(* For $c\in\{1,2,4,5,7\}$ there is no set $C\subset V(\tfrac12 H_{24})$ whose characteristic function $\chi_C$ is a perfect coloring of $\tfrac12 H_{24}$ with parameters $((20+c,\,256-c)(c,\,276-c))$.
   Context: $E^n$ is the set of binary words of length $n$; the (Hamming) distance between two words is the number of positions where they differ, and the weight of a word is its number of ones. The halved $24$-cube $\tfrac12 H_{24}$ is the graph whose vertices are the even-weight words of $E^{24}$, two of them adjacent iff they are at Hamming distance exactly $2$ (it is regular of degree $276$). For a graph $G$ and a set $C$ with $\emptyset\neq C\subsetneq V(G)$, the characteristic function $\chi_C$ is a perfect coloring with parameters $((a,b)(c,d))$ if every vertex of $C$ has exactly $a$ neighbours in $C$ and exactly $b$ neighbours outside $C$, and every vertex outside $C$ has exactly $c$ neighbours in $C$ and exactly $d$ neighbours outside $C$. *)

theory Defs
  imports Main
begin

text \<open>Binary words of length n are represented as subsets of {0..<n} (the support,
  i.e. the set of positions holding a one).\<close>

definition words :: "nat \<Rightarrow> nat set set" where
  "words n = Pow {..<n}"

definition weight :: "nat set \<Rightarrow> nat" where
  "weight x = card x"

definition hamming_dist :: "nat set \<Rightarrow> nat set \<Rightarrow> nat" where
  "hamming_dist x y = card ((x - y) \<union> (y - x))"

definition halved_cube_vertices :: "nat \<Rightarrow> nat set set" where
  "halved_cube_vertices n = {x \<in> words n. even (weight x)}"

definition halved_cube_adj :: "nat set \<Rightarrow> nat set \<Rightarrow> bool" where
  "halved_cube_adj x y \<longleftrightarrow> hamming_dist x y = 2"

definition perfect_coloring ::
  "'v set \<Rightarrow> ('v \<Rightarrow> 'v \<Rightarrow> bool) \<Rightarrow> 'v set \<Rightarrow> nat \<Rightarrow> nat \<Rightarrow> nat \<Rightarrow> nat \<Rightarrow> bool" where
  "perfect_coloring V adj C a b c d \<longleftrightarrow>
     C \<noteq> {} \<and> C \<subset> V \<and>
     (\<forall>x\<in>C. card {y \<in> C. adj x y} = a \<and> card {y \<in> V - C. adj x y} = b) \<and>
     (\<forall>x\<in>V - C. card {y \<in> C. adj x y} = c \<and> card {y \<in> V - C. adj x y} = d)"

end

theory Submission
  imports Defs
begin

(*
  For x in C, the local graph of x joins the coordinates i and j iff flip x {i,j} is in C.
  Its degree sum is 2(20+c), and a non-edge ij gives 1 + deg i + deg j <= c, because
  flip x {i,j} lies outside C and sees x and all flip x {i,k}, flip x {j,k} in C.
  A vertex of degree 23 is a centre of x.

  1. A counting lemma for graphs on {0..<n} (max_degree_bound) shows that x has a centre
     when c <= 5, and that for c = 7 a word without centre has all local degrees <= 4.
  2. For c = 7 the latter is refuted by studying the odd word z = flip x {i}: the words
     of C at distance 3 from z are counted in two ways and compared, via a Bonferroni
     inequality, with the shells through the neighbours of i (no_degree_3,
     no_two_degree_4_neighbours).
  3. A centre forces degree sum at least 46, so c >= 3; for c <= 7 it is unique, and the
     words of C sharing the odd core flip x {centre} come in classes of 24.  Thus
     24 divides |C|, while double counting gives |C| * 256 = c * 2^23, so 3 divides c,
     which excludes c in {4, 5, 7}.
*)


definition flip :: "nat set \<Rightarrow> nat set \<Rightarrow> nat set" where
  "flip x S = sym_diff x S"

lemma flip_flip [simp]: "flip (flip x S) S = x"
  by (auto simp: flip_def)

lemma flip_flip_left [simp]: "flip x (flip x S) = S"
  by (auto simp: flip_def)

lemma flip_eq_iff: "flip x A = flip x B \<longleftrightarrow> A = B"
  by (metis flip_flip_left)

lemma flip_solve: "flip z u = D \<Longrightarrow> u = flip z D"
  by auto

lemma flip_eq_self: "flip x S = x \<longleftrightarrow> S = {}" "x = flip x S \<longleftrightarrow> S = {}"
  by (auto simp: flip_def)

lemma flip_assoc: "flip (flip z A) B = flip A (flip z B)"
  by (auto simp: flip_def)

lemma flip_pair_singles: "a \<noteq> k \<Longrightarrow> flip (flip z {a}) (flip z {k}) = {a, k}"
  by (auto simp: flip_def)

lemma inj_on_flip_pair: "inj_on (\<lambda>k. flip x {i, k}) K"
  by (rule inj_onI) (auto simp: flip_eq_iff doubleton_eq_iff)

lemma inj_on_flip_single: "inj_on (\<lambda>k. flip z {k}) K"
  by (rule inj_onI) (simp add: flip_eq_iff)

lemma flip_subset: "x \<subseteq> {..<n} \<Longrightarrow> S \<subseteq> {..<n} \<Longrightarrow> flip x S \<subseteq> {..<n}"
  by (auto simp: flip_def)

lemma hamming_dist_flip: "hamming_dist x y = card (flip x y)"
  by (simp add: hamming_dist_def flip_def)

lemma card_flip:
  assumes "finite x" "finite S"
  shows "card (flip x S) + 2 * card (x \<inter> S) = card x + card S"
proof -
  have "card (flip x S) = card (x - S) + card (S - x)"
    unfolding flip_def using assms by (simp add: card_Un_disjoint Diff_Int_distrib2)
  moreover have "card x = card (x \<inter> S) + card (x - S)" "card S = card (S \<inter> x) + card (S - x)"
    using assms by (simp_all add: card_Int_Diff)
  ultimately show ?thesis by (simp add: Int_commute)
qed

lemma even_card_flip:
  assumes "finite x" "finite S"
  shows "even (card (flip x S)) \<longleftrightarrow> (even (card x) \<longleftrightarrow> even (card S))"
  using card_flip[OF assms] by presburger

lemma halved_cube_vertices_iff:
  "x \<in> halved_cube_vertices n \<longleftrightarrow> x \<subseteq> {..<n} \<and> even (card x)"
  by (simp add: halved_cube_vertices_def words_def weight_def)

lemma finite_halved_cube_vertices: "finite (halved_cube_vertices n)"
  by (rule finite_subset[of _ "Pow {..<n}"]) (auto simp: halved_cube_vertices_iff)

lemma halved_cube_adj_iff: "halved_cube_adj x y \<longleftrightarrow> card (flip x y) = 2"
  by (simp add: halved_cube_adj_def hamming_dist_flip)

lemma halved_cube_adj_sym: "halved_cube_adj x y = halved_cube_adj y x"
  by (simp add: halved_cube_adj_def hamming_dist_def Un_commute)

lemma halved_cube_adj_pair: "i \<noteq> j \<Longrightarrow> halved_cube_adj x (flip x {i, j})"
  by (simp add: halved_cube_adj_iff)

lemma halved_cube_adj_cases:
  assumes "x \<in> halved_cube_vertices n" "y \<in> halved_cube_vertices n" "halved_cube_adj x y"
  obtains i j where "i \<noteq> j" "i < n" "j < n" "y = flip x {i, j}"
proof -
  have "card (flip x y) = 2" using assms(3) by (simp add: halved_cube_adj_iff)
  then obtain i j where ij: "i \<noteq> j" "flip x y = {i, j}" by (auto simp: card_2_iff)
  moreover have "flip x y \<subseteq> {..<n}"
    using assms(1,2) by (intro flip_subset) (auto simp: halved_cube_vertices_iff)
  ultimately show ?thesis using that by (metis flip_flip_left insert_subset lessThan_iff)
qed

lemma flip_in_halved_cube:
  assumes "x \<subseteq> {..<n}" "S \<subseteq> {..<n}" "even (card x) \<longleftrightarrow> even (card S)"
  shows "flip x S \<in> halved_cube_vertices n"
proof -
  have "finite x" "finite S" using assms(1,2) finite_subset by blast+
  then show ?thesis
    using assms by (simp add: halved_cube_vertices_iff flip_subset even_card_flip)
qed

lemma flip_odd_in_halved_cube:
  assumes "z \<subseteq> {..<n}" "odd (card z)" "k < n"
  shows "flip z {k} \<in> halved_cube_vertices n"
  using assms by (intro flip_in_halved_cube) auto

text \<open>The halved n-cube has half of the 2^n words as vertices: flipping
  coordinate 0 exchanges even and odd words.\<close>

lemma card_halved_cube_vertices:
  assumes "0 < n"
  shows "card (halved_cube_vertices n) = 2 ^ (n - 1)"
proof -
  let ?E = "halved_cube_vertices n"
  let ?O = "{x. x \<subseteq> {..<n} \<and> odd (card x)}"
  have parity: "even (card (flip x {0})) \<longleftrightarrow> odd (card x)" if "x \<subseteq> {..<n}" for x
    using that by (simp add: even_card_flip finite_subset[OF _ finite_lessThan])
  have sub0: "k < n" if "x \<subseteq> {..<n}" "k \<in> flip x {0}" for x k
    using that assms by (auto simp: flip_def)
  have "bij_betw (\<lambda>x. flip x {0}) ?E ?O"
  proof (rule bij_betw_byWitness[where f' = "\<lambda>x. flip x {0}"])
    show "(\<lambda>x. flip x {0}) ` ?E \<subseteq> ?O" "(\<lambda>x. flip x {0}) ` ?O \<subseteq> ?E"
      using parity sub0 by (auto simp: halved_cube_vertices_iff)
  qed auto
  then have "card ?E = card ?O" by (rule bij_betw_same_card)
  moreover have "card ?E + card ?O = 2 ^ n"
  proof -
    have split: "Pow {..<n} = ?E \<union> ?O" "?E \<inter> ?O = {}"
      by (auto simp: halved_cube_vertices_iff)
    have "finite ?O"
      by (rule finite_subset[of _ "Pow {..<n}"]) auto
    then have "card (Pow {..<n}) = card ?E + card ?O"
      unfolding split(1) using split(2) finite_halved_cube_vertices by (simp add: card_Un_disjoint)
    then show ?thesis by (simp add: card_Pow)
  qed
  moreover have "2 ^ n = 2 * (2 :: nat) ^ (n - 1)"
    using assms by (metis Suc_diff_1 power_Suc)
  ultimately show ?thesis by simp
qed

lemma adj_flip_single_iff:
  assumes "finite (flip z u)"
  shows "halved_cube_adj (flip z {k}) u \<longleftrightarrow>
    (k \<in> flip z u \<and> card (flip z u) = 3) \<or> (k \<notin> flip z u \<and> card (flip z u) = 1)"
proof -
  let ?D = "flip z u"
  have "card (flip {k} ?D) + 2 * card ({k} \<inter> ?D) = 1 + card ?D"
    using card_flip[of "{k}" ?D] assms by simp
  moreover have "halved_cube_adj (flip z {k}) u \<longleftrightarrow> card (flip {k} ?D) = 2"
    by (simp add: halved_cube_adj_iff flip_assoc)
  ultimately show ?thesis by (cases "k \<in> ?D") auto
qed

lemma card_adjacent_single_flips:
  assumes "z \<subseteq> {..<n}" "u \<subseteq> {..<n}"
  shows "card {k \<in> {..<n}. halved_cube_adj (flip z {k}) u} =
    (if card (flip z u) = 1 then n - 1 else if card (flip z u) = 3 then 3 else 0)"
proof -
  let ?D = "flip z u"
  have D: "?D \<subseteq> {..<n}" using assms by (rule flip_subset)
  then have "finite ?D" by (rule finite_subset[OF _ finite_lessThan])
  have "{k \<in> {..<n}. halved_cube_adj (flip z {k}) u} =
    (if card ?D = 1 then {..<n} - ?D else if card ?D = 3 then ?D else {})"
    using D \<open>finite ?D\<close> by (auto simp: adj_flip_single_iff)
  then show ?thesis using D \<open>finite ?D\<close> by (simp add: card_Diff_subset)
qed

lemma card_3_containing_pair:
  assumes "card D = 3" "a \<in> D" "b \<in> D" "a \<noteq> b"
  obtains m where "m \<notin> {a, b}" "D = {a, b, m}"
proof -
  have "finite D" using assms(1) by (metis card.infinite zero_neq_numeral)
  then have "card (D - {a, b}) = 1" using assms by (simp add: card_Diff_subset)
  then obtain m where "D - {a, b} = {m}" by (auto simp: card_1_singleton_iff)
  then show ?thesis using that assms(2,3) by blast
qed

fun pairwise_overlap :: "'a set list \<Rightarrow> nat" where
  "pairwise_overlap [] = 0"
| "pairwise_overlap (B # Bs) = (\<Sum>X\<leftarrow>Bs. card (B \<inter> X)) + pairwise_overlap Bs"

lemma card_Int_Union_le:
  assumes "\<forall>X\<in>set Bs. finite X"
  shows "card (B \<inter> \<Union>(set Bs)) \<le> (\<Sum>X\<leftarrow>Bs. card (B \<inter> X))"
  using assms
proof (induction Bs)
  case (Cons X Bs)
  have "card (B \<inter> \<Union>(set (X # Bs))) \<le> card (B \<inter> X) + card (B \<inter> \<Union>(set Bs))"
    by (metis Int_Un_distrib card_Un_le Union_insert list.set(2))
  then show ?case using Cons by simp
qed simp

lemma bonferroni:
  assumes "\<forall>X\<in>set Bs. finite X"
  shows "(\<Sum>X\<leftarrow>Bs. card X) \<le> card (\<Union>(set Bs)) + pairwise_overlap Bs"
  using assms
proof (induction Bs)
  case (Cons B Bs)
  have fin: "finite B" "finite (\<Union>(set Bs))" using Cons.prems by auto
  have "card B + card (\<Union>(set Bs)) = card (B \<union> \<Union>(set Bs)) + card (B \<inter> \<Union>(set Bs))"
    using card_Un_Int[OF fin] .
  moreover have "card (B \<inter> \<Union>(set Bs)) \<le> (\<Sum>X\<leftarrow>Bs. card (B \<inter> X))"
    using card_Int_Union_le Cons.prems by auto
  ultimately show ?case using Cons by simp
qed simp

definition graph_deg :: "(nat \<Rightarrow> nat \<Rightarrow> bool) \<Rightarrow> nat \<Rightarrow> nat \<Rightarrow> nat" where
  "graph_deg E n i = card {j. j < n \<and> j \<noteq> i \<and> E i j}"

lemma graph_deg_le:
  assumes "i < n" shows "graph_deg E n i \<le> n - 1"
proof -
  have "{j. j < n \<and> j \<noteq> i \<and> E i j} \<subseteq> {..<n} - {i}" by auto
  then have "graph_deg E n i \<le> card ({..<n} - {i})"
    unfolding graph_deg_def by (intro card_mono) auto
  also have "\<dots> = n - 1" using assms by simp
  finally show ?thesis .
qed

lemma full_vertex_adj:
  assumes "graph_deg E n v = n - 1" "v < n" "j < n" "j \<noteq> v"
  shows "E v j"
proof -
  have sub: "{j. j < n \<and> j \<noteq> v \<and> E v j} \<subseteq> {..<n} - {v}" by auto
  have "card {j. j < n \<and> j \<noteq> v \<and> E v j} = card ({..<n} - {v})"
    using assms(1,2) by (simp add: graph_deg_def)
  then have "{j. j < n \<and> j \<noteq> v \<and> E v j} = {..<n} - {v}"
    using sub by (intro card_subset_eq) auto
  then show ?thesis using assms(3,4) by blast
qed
■ ■ ■ ■ ■
### YOUR TASK
Using the records above, find and show each line with the string "bool".

### RESULT OF THE TASK
definition halved_cube_adj :: "nat set \<Rightarrow> nat set \<Rightarrow> bool" where
  "'v set \<Rightarrow> ('v \<Rightarrow> 'v \<Rightarrow> bool) \<Rightarrow> 'v set \<Rightarrow> nat \<Rightarrow> nat \<Rightarrow> nat \<Rightarrow> nat \<Rightarrow> bool" where
definition graph_deg :: "(nat \<Rightarrow> nat \<Rightarrow> bool) \<Rightarrow> nat \<Rightarrow> nat \<Rightarrow> nat" where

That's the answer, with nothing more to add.